Before examining the elements of Rule 23, we find it necessary to address a factual and legal dispute between the parties that affects the definition of Plaintiff's proposed class. A district court has discretion to modify a class definition. See Rendler v. Gambone Bros. Dev. Co., 182 F.R.D. 152, 160 (E.D. Pa. 1998). Plaintiff defines the class as "[A]ll persons . . . detained for misdemeanors . . . or other similar charges and/or crimes and were or will be strip searched upon their transfer and/or entry into Chester County . . . ." (Pl. Mot. Certify Class 1). Plaintiff alleges that Defendant has two strip search policies: a written delousing procedure and a policy, custom, or practice of conducting suspicionless visual cavity searches. (Compl. ¶ 25.) Defendant denies that it has a visual search policy, custom, or practice, and argues that its uniform delousing policy is not a strip search, and therefore cannot support certification. (Def.'s Resp. 8.) After conducting a "rigorous analysis" of all relevant evidence and arguments, this Court finds that Defendant's delousing policy qualifies as a strip search, but that there is insufficient evidence to find that Defendant had a visual search policy. See In re Hydrogen Peroxide, 552 F.3d at 318. Therefore, this Court limits the definition of "strip search" in Plaintiff's proposed class to include only the delousing policy.

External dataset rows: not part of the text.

lemma prod_part_series_nth:
  assumes "finite S" "0 \<notin> S"
  shows "(\<Prod>k\<in>S. part_series (w k) k) $ m = (\<Sum>p\<in>restricted_partitions S m. \<Prod>k\<in>S. w k (count p k))"
  using assms
proof (induction S arbitrary: m rule: finite_induct)
  case empty
  have "restricted_partitions {} m = (if m = 0 then {{#}} else {})"
    by (auto simp: restricted_partitions_def)
  then show ?case by simp
next
  case (insert k S)
  have k: "0 < k" "0 \<notin> S" "k \<notin> S"
    using insert by auto
  have weight: "(\<Prod>s\<in>insert k S. w s (count (p + replicate_mset c k) s)) = w k c * (\<Prod>s\<in>S. w s (count p s))"
    if "p \<in> restricted_partitions S j" for p c j
  proof -
    have "count p k = 0"
      using that k by (auto simp: restricted_partitions_def not_in_iff[symmetric])
    moreover have "(\<Prod>s\<in>S. w s (count (p + replicate_mset c k) s)) = (\<Prod>s\<in>S. w s (count p s))"
      using k by (intro prod.cong) auto
    ultimately show ?thesis
      using insert.hyps by simp
  qed
  have "(\<Prod>k\<in>insert k S. part_series (w k) k) $ m = (part_series (w k) k * (\<Prod>k\<in>S. part_series (w k) k)) $ m"
    using insert.hyps by simp
  also have "\<dots> = (\<Sum>c\<le>m div k. w k c * (\<Sum>p\<in>restricted_partitions S (m - k * c). \<Prod>s\<in>S. w s (count p s)))"
    using k by (simp add: part_series_mult_nth insert.IH)
  also have "\<dots> = (\<Sum>c\<le>m div k. \<Sum>p\<in>restricted_partitions S (m - k * c).
                      \<Prod>s\<in>insert k S. w s (count (p + replicate_mset c k) s))"
    unfolding sum_distrib_left
  proof (intro sum.cong refl)
    fix c p assume "p \<in> restricted_partitions S (m - k * c)"
    then show "w k c * (\<Prod>s\<in>S. w s (count p s)) = (\<Prod>s\<in>insert k S. w s (count (p + replicate_mset c k) s))"
      by (rule weight[symmetric])
  qed
  also have "\<dots> = (\<Sum>p\<in>restricted_partitions (insert k S) m. \<Prod>s\<in>insert k S. w s (count p s))"
    using k by (simp add: sum_restricted_partitions_insert)
  finally show ?case .
qed

section \<open>The generating function of pod\<close>

(* The factor of part k in the generating function of pod at -q:
   1 - q^k for odd k and 1 / (1 - q^k) for even k. *)
definition pod_weight :: "nat \<Rightarrow> nat \<Rightarrow> 'a::comm_ring_1" where
  "pod_weight k c = (if odd k \<and> 1 < c then 0 else (-1) ^ (k * c))"

lemma part_series_pod_weight_odd:
  assumes "odd k"
  shows "part_series (pod_weight k) k = (1 - fps_X ^ k :: 'a::comm_ring_1 fps)"
proof (rule fps_ext)
  fix j
  have "k \<noteq> 0"
    using odd_pos[OF assms] by simp
  show "part_series (pod_weight k) k $ j = (1 - fps_X ^ k :: 'a fps) $ j"
  proof (cases "k dvd j")
    case True
    then obtain c where "j = k * c" by blast
    with \<open>k \<noteq> 0\<close> assms show ?thesis
      by (cases "c \<le> 1") (auto simp: part_series_def pod_weight_def le_Suc_eq)
  next
    case False
    then have "j \<noteq> k" and "j \<noteq> 0"
      by (rule contrapos_nn, simp)+
    with False show ?thesis
      by (simp add: part_series_def)
  qed
qed

lemma part_series_pod_weight_even:
  assumes "even k" "0 < k"
  shows "part_series (pod_weight k) k * (1 - fps_X ^ k) = (1 :: 'a::comm_ring_1 fps)"
proof (rule fps_ext)
  fix j
  have nth: "part_series (pod_weight k) k $ i = (if k dvd i then 1 else (0 :: 'a))" for i
    using assms by (auto simp: part_series_def pod_weight_def elim!: dvdE)
  have "k dvd j \<longleftrightarrow> k dvd (j - k)" if "k \<le> j"
    using that by (simp add: dvd_minus_self)
  then show "(part_series (pod_weight k) k * (1 - fps_X ^ k)) $ j = (1 :: 'a fps) $ j"
    using assms
    by (auto simp: nth algebra_simps fps_X_power_mult_nth dest: dvd_imp_le)
qed

definition pod_trunc :: "nat \<Rightarrow> 'a::comm_ring_1 fps" where
  "pod_trunc M = (\<Prod>k\<in>{1..2 * M}. part_series (pod_weight k) k)"

lemma pod_trunc_mult_qprod_even: "pod_trunc M * qprod_even fps_X M = qprod_odd (fps_X :: 'a::comm_ring_1 fps) M"
proof (induction M)
  case (Suc M)
  have "2 * Suc M = Suc (Suc (2 * M))" by simp
  then have "pod_trunc (Suc M) = pod_trunc M * part_series (pod_weight (2 * M + 1)) (2 * M + 1)
      * part_series (pod_weight (2 * M + 2)) (2 * M + 2)"
    by (simp add: pod_trunc_def prod.nat_ivl_Suc' mult_ac)
  also have "part_series (pod_weight (2 * M + 1)) (2 * M + 1) = (1 - fps_X ^ (2 * M + 1) :: 'a fps)"
    by (simp add: part_series_pod_weight_odd)
  finally have "pod_trunc (Suc M) * qprod_even fps_X (Suc M)
      = pod_trunc M * qprod_even fps_X M * (1 - fps_X ^ (2 * M + 1))
        * (part_series (pod_weight (2 * M + 2)) (2 * M + 2) * (1 - fps_X ^ (2 * M + 2)) :: 'a fps)"
    by (simp add: qprod_even_def mult_ac)
  also have "part_series (pod_weight (2 * M + 2)) (2 * M + 2) * (1 - fps_X ^ (2 * M + 2)) = (1 :: 'a fps)"
    by (rule part_series_pod_weight_even) simp_all
  finally show ?case
    by (simp add: Suc.IH qprod_odd_def)
qed (simp add: pod_trunc_def qprod_even_def qprod_odd_def)

lemma prod_pod_weight_count:
  assumes "finite S" "set_mset p \<subseteq> S"
  shows "(\<Prod>k\<in>S. pod_weight k (count p k))
           = (if \<forall>x. odd x \<longrightarrow> count p x \<le> 1 then (-1) ^ sum_mset p else (0 :: 'a::comm_ring_1))"
proof (cases "\<forall>x. odd x \<longrightarrow> count p x \<le> 1")
  case True
  then have "(\<Prod>k\<in>S. pod_weight k (count p k)) = (\<Prod>k\<in>S. (-1 :: 'a) ^ (k * count p k))"
    by (intro prod.cong) (auto simp: pod_weight_def not_le)
  also have "\<dots> = (-1) ^ sum_mset p"
    by (simp add: power_sum sum_mset_eq_sum_count[OF assms])
  finally show ?thesis
    using True by simp
next
  case False
  then obtain x where x: "odd x" "1 < count p x"
    by auto
  then have "x \<in> S"
    using assms(2) by (auto simp flip: count_greater_zero_iff)
  with x assms(1) show ?thesis
    by (auto simp: pod_weight_def intro!: prod_zero)
qed

lemma pod_trunc_nth:
  assumes "m \<le> 2 * M"
  shows "pod_trunc M $ m = (-1) ^ m * (of_nat (pod m) :: 'a::comm_ring_1)"
proof -
  define V where "V p \<longleftrightarrow> (\<forall>x. odd x \<longrightarrow> count p x \<le> 1)" for p :: "nat multiset"
  have parts: "partitions m = restricted_partitions {1..2 * M} m"
    using assms by (rule partitions_eq_restricted_partitions)
  have "pod_trunc M $ m = (\<Sum>p\<in>partitions m. \<Prod>k\<in>{1..2 * M}. pod_weight k (count p k) :: 'a)"
    unfolding pod_trunc_def parts by (rule prod_part_series_nth) auto
  also have "\<dots> = (\<Sum>p\<in>partitions m. if V p then (-1) ^ m else 0)"
    by (intro sum.cong refl)
       (auto simp: parts prod_pod_weight_count V_def restricted_partitions_def)
  also have "\<dots> = (\<Sum>p\<in>{p\<in>partitions m. V p}. (-1) ^ m)"
    using finite_restricted_partitions[of "{1..2 * M}" m] by (simp add: parts flip: sum.inter_filter)
  also have "\<dots> = (-1) ^ m * of_nat (pod m)"
    by (simp add: pod_def V_def)
  finally show ?thesis .
qed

Plaintiff failed to provide sufficient evidence to demonstrate that Defendant has a blanket visual search policy. Plaintiff relies solely on statements made by former Chester Prison Officer Herstein to support her allegations. Herstein explained that it was his practice to visually strip search and delouse every individual during intake, (Herstein Interview 3); however, he stated that he was "never given any . . . I.D. policies or book saying 'this is what has to be followed,'" and that he "[didn't] really know if it was protocol," (Id. at 4). Herstein's practice contradicts Defendant's visual strip search policy during the class period, which was memorialized in writing on March 10, 2008.*fn6 (Jennings Dep. 98:10; Graham Dep. 55:3.) The policy requires a finding of "reasonable belief" that a person arrested on a misdemeanor or similar charge is concealing contraband before strip searching the person, and requires approval from a supervisor before any strip search is conducted. (Policies and Procedures: Inmate Pat-Down and Strip Search Protocol ¶¶ 5, 6.) Plaintiff provides no additional evidence to support Herstein's account, which suggests that his was an individualized practice. Thus, Plaintiff fails to meet her burden of demonstrating, by a preponderance of the evidence, that Defendant had or has a cavity strip search policy.*fn7

On the other hand, we find sufficient evidence to support a finding that Defendant's delousing policy qualifies as a strip search. Although Fourth Amendment rights are "significantly diminished" in custodial settings, detainees retain a "reasonable expectation of privacy with regard to their own bodies," and a right to be free from unreasonable intrusions into their bodies, such as unreasonable strip searches. See Allison v. GEO Group, Inc., 611 F. Supp. 2d 433, 443, 446 (E.D. Pa. 2009) (citing Hudson v. Palmer, 468 U.S. 517, 525-28 (1984); Bell v. Wolfish, 441 U.S. 520, 557 (1979)). According to Black's Law Dictionary, a strip search is "[a] search of a person conducted after that person's clothes have been removed, the purpose usually being to find any contraband the person might be hiding." (8th ed. 2004). Courts use the term "strip search" to generally describe any inspection of the naked body. See Kelsey v. County of Schoharie, 567 F.3d 54, 62 (2d Cir. 2009); Wood v. Hancock County Sheriff's Dep't, 354 F.3d 57, 63 (1st Cir. 2003); Peckham v. Wisconsin Dep't of Corr., 141 F.3d 694, 695 (7th Cir. 1998); Allison, 611 F. Supp. 2d at 453 n.12. A strip search is more intrusive than other intake procedures at a custodial facility because it involves "exposure of the naked body to scrutiny by government officers." Allison, 611 F. Supp. 2d at 453. A strip search may require an individual to "move his body in varying ways to permit a more complete inspection," Kelsey, 567 F.3d at 62, but manipulation is not necessary. See Wood, 354 F.3d at 63 (not requiring a "demand to open one's mouth or lift one's arms" to find a strip search). However, a strip search does not include intake procedures "which entail some incidental nudity but [do] not involve visual inspection of the naked body." See Allison, 611 F. Supp. 2d at 453; Kelsey, 567 F.3d at 63, 65 (finding that "briefly seeing" man's genitals during clothing exchange did not amount to strip search and noting that individuals "were not required to display or manipulate" their bodies).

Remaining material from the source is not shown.